Real driver assist systems are tested for each car for millions of miles before release.

I can imagine this as a toy on a recreational vehicle like an ATV, but it's outright reckless to put this on a real car.

Tesla FSD is awesome. I use it almost all the time now, it feels safer than me driving. It's like having a private chauffeur. My disengagements are mostly nav related.
there is also sunnypilot, which is a fork of openpilot, and supports more behaviors and cars: https://github.com/sunnypilot/sunnypilot
What's different? From the README I only get that it's trying to match comma's safety as closely as possible - whatever that means
Can someone with technical knowledge explain the key differences between the assisted driving technologies used by Waymo, Tesla, and comma.ai?
Huh, no love for the Toyota bZ / Subaru Solterra. I wonder if there's a reason or if just nobody's gotten to it yet. (It does have good built-in ACC.)
OEMs would be smart to donate money to this
Will this be deployed mostly by those with the worst judgment?
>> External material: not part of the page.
(* Let $\boldsymbol z_f$ and $\boldsymbol z_g$ be random periodic features associated with functions $f,g \in \mathrm{PF}$, frequencies $\boldsymbol\omega_j \overset{\text{iid}}{\sim} \Lambda = \mathcal F K$ and dithers $\xi_j \overset{\text{iid}}{\sim} \mathcal U([0,2\pi))$. For any pair $\boldsymbol x,\boldsymbol y \in \mathbb R^d$, the expected kernel $\kappa_{f,g}(\boldsymbol x,\boldsymbol y) := \mathbb E_{\boldsymbol\Omega,\boldsymbol\xi} \langle \boldsymbol z_f(\boldsymbol x),\boldsymbol z_g(\boldsymbol y)\rangle$ satisfies $$\kappa_{f,g}(\boldsymbol x,\boldsymbol y) = \sum_{k \in \mathbb Z} F_k G_k^* \, K\big(k(\boldsymbol x-\boldsymbol y)\big) =: K_{f,g}(\boldsymbol x-\boldsymbol y).$$ Although expanded as an infinite series, this kernel is bounded, $|\kappa_{f,g}| \leq 1$, since $f,g \in \mathrm{PF}$.
   Context: $\mathrm{PF} := \{ f:\mathbb R\to\mathbb C \mid f \text{ is } 2\pi\text{-periodic}, \int_0^{2\pi} f(t)\,dt = 0, \|f\|_\infty \le 1\}$. For $f\in\mathrm{PF}$, $f(t)=\sum_{k\in\mathbb Z} F_k e^{\mathrm i k t}$ with $F_k = \frac{1}{2\pi}\int_0^{2\pi} f(t) e^{-\mathrm i k t}dt$ (similarly $G_k$ for $g$). Random periodic features: $\boldsymbol z_f(\boldsymbol x) := \frac{1}{\sqrt m} f(\boldsymbol\Omega^\top \boldsymbol x + \boldsymbol\xi) \in \mathbb C^m$ (applied componentwise), with $\boldsymbol\Omega = (\boldsymbol\omega_1,\dots,\boldsymbol\omega_m) \in \mathbb R^{d\times m}$, $\boldsymbol\omega_j$ iid from a probability distribution $\Lambda$ on $\mathbb R^d$, and $\boldsymbol\xi$ with iid $\mathcal U([0,2\pi))$ entries; the same $\boldsymbol\Omega,\boldsymbol\xi$ are used for $\boldsymbol z_f$ and $\boldsymbol z_g$. $K:\mathbb R^d\to\mathbb C$ is the shift-invariant kernel function $K(\boldsymbol u) = (\mathcal F^{-1}\Lambda)(\boldsymbol u) = \int_{\mathbb R^d} e^{\mathrm i \boldsymbol\omega^\top \boldsymbol u}\,d\Lambda(\boldsymbol\omega)$, so $K(\boldsymbol 0)=1$. The inner product is $\langle \boldsymbol a,\boldsymbol b\rangle = \sum_j a_j b_j^*$. *)

theory Defs
  imports "HOL-Probability.Probability"
begin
For example, that video is implied to be of some open source self-driving project, run on an active public road, at 42mph. A lot of sensible people would say that's irresponsible or unsafe, and not do it. Move-fast-and-break-things bros and narcissists, however, wouldn't see a problem.

I'm sure the technology is great, but what would be really great for me to use theoretically use it would be for it to be if the company was liable if it caused an at-fault accident. I don't know much about the law around this, but I comfortably get in a Waymo all the time because I have some intuition about it that tells me that their lawyers are scared shitless of killing someone. It's a hard sell for me when it says "self-install at your own risk" but I appreciate the effort.
It’s NOT self driving. It’s level 2 driving assist. Really good one, but that has nothing to do with self driving. You are driving the car all the time, it’s only assist that can (and will) try to kill you (and others) with 0 notice if you don’t pay attention.